Had Graham Linehan been plotting these misadventures for one of his comedy characters, my hunch would be that the story arc would end with a moment of realisation, after which the chastened hero would be a wiser, more measured, more conciliatory person.  

He must be a smart guy to have written the things he has written.

I hope he has it in him to become as smart as one of his characters.

Friday, 12 October 2018

Tribute Act blues, part 1.


I used to play with a tribute act dedicated to the music of The Steve Miller Band (you may recall hits from the 70s and 80s like ‘The Joker’, ‘Abracadabra’ and ‘Take the Money and Run’). We called ourselves 'The Steve Miller Band' Band.
After gigging for a few months, we noticed that we were getting the liveliest reaction at our shows when we played the songs from Miller's repertoire that were being refused airplay because of what the broadcasting authorities deemed to be 'inappropriate’ language. So popular were these songs in our live set that we eventually decided to ditch all of the mainstream material and concentrate exclusively on Miller’s 'x-rated' stuff.

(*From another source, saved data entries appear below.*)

text \<open>
  Put \<open>\<Phi> = \<Sum>\<^sub>k |kk\<rangle>\<close>. The partial transpose of the swap is \<open>|\<Phi>\<rangle>\<langle>\<Phi>|\<close>, so for any
  \<open>\<psi>\<close> the value \<open>\<langle>\<psi>|\<rho>\<^sup>T\<^sup>B|\<psi>\<rangle>\<close> equals \<open>S + a (N\<^sub>1\<^sub>2 + N\<^sub>3\<^sub>4) + c |T|\<^sup>2\<close> with
  \<open>a = (\<epsilon> d - 1) / d\<close>, \<open>c = (1 - 2 \<epsilon> d + \<delta> d\<^sup>2) / d\<^sup>2\<close>, where \<open>S = \<parallel>\<psi>\<parallel>\<^sup>2\<close>, \<open>N\<^sub>1\<^sub>2\<close> and \<open>N\<^sub>3\<^sub>4\<close>
  are the squared norms of \<open>\<psi>\<close> contracted with \<open>\<Phi>\<close> on \<open>H\<^sub>1 \<otimes> H\<^sub>2\<close> resp. \<open>H\<^sub>3 \<otimes> H\<^sub>4\<close>, and
  \<open>T = \<langle>\<Phi> \<otimes> \<Phi>|\<psi>\<rangle>\<close>.

  A matrix \<open>Z\<close> of rank at most two satisfies \<open>|tr Z|\<^sup>2 \<le> 2 \<parallel>Z\<parallel>\<^sup>2\<close>. If \<open>\<psi>\<close> has Schmidt rank at
  most two, so have its slices and its contractions with product vectors; this gives
  \<open>N\<^sub>1\<^sub>2, N\<^sub>3\<^sub>4, |T|\<^sup>2 \<le> 2 S\<close>, and Cauchy--Schwarz gives \<open>|T|\<^sup>2 \<le> d N\<^sub>1\<^sub>2, d N\<^sub>3\<^sub>4\<close>. The remaining
  constraint \<open>d N\<^sub>3\<^sub>4 + 2 N\<^sub>1\<^sub>2 \<le> 2 d S + |T|\<^sup>2\<close> comes from the form
  \<open>g Z = \<parallel>Z\<parallel>\<^sup>2 - |tr Z|\<^sup>2 / 2\<close>, which is nonnegative on matrices of rank at most two:
  Lagrange's identity for \<open>g\<close> over the diagonal slices \<open>\<psi>\<^sub>i\<^sub>i\<close> of \<open>\<psi>\<close> involves the differences
  \<open>g (\<psi>\<^sub>i\<^sub>i - \<psi>\<^sub>j\<^sub>j)\<close>, and polarization bounds these below by \<open>- g \<psi>\<^sub>i\<^sub>j - g \<psi>\<^sub>j\<^sub>i\<close>.
  Each of the two hypotheses on \<open>\<epsilon>, \<delta>\<close> makes these linear constraints force the value to be
  nonnegative.
\<close>

section \<open>Matrices of rank at most two\<close>

type_synonym 'a mat = "'a \<Rightarrow> 'a \<Rightarrow> complex"

definition frob_sq :: "'a set \<Rightarrow> 'a mat \<Rightarrow> real" where
  "frob_sq I Z = (\<Sum>x\<in>I. \<Sum>y\<in>I. (cmod (Z x y))\<^sup>2)"

definition mtrace :: "'a set \<Rightarrow> 'a mat \<Rightarrow> complex" where
  "mtrace I Z = (\<Sum>l\<in>I. Z l l)"

definition rank_le_2 :: "'a mat \<Rightarrow> bool" where
  "rank_le_2 Z \<longleftrightarrow> (\<exists>p q r s. \<forall>x y. Z x y = p x * q y + r x * s y)"

definition trace_gap :: "'a set \<Rightarrow> 'a mat \<Rightarrow> real" where
  "trace_gap I Z = frob_sq I Z - (cmod (mtrace I Z))\<^sup>2 / 2"

lemma of_real_cmod_sq: "(complex_of_real (cmod z))\<^sup>2 = cnj z * z"
  by (simp add: complex_norm_square mult.commute flip: of_real_power)

lemma sum_swap3:
  "(\<Sum>i\<in>A. \<Sum>x\<in>B. \<Sum>y\<in>C. f i x y) = (\<Sum>x\<in>B. \<Sum>y\<in>C. \<Sum>i\<in>A. f i x y)"
  by (subst sum.swap) (rule sum.cong[OF refl], rule sum.swap)

lemma sum_swap_pairs:
  "(\<Sum>i\<in>A. \<Sum>j\<in>B. \<Sum>x\<in>C. \<Sum>y\<in>D. f i j x y) = (\<Sum>x\<in>C. \<Sum>y\<in>D. \<Sum>i\<in>A. \<Sum>j\<in>B. f i j x y)"
proof -
  have "(\<Sum>i\<in>A. \<Sum>j\<in>B. \<Sum>x\<in>C. \<Sum>y\<in>D. f i j x y) = (\<Sum>i\<in>A. \<Sum>x\<in>C. \<Sum>y\<in>D. \<Sum>j\<in>B. f i j x y)"
    by (intro sum.cong refl sum_swap3)
  also have "\<dots> = (\<Sum>x\<in>C. \<Sum>y\<in>D. \<Sum>i\<in>A. \<Sum>j\<in>B. f i j x y)"
    by (rule sum_swap3)
  finally show ?thesis .
qed

lemma cmod_add_sq_le: "(cmod (a + b))\<^sup>2 \<le> 2 * (cmod a)\<^sup>2 + 2 * (cmod b)\<^sup>2"
proof -
  have "(cmod (a + b))\<^sup>2 \<le> (cmod a + cmod b)\<^sup>2"
    by (simp add: norm_triangle_ineq power_mono)
  also have "\<dots> \<le> 2 * (cmod a)\<^sup>2 + 2 * (cmod b)\<^sup>2"
    using sum_squares_bound[of "cmod a" "cmod b"] by (simp add: power2_sum)
  finally show ?thesis .
qed

lemma cmod_sum_mult_sq_le:
  "(cmod (\<Sum>i\<in>I. f i * g i))\<^sup>2 \<le> (\<Sum>i\<in>I. (cmod (f i))\<^sup>2) * (\<Sum>i\<in>I. (cmod (g i))\<^sup>2)"
proof -
  have "(cmod (\<Sum>i\<in>I. f i * g i))\<^sup>2 \<le> (\<Sum>i\<in>I. cmod (f i) * cmod (g i))\<^sup>2"
    using norm_sum[of "\<lambda>i. f i * g i" I] by (simp add: norm_mult power_mono)
  also have "\<dots> \<le> (\<Sum>i\<in>I. (cmod (f i))\<^sup>2) * (\<Sum>i\<in>I. (cmod (g i))\<^sup>2)"
    by (rule Cauchy_Schwarz_ineq_sum)
  finally show ?thesis .
qed

lemma cmod_mtrace_sq_le_card:
  assumes "finite I"
  shows "(cmod (mtrace I Z))\<^sup>2 \<le> card I * frob_sq I Z"
proof -
  have "(cmod (mtrace I Z))\<^sup>2 \<le> (\<Sum>l\<in>I. (cmod (Z l l))\<^sup>2) * card I"
    using cmod_sum_mult_sq_le[of "\<lambda>l. Z l l" "\<lambda>_. 1" I] by (simp add: mtrace_def)
  also have "\<dots> \<le> frob_sq I Z * card I"
    unfolding frob_sq_def using assms
    by (intro mult_right_mono sum_mono member_le_sum) auto
  finally show ?thesis by (simp add: mult.commute)
qed

lemma frob_sq_rank2_orth:
  assumes orth: "(\<Sum>y\<in>I. S y * cnj (R y)) = 0"
  shows "frob_sq I (\<lambda>x y. P x * R y + Q x * S y)
    = (\<Sum>x\<in>I. (cmod (P x))\<^sup>2) * (\<Sum>y\<in>I. (cmod (R y))\<^sup>2) + (\<Sum>x\<in>I. (cmod (Q x))\<^sup>2) * (\<Sum>y\<in>I. (cmod (S y))\<^sup>2)"
proof -
  have orth': "(\<Sum>y\<in>I. R y * cnj (S y)) = 0"
    using arg_cong[OF orth, of cnj] by (simp add: mult.commute)
  have "complex_of_real (frob_sq I (\<lambda>x y. P x * R y + Q x * S y))
      = (\<Sum>x\<in>I. \<Sum>y\<in>I. (P x * cnj (P x)) * (R y * cnj (R y)) + (Q x * cnj (Q x)) * (S y * cnj (S y))
          + (P x * cnj (Q x)) * (R y * cnj (S y)) + (Q x * cnj (P x)) * (S y * cnj (R y)))"
    by (simp add: frob_sq_def complex_norm_square algebra_simps del: of_real_power)
  also have "\<dots> = (\<Sum>x\<in>I. P x * cnj (P x)) * (\<Sum>y\<in>I. R y * cnj (R y))
      + (\<Sum>x\<in>I. Q x * cnj (Q x)) * (\<Sum>y\<in>I. S y * cnj (S y))
      + (\<Sum>x\<in>I. P x * cnj (Q x)) * (\<Sum>y\<in>I. R y * cnj (S y))
      + (\<Sum>x\<in>I. Q x * cnj (P x)) * (\<Sum>y\<in>I. S y * cnj (R y))"
    by (simp add: sum.distrib sum_product)
  also have "\<dots> = complex_of_real ((\<Sum>x\<in>I. (cmod (P x))\<^sup>2) * (\<Sum>y\<in>I. (cmod (R y))\<^sup>2)
      + (\<Sum>x\<in>I. (cmod (Q x))\<^sup>2) * (\<Sum>y\<in>I. (cmod (S y))\<^sup>2))"
    by (simp add: orth orth' complex_norm_square del: of_real_power)
  finally show ?thesis
    using of_real_eq_iff by blast
qed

Accordingly, we changed our name to 'The (banned) Steve Miller Band' Band.

We started to get more bookings and built up quite a following. Things went so well that we started to produce our own range of merchandise to sell at gigs: t-shirts, posters, key-rings etc. One of the most popular items was an encircling strip, made of rubber, which could be worn on the wrist or lower forearm.  

It was, of course, 'The (banned) Steve Miller Band' Band band.

Our gigs were lively affairs. People would often get carried away by the energy of the music, to the extent that inebriated audience members would throw stuff about the place. On a tour of small towns in the north-east of Scotland, we once played a particularly raucous gig at Stonehaven at which a member of the audience had to receive medical treatment after being hit in the eye by a piece of merchandise which had been thrown by an over-enthusiastic fan. We were booked to play at Banff town hall the following weekend, but when the local council heard about this incident, they took immediate action (on the grounds of health and safety), forbidding us from setting up our merchandising stall and selling any of our goods.  Needless to say, the local press picked up on this story and, on the day of our gig at Banff town hall, the North East Weekly ran this headline:

'(Banned) Steve Miller Band’ Band band banned!

Over the next few days, however, news emerged that Banff council had denied issuing any instructions about our merchandise. It was consequently discovered that not only had our manager exaggerated that ‘Stonehaven concert injury’ report, he had also concocted the ‘Banff council outrage’ story in order to generate some publicity for rest of the tour. A spokesperson for the National Union of Booking Agents then revealed that our manager was already serving a suspension for a previous breach of agency rules and actually had no right to be managing any act at this time. After that revelation, this sorry tale came to an undignified end with this dramatic headline in the ‘Inverurie Advertiser’:

Banned band manager planned '(Banned) Steve Miller Band' Band Banff band ban!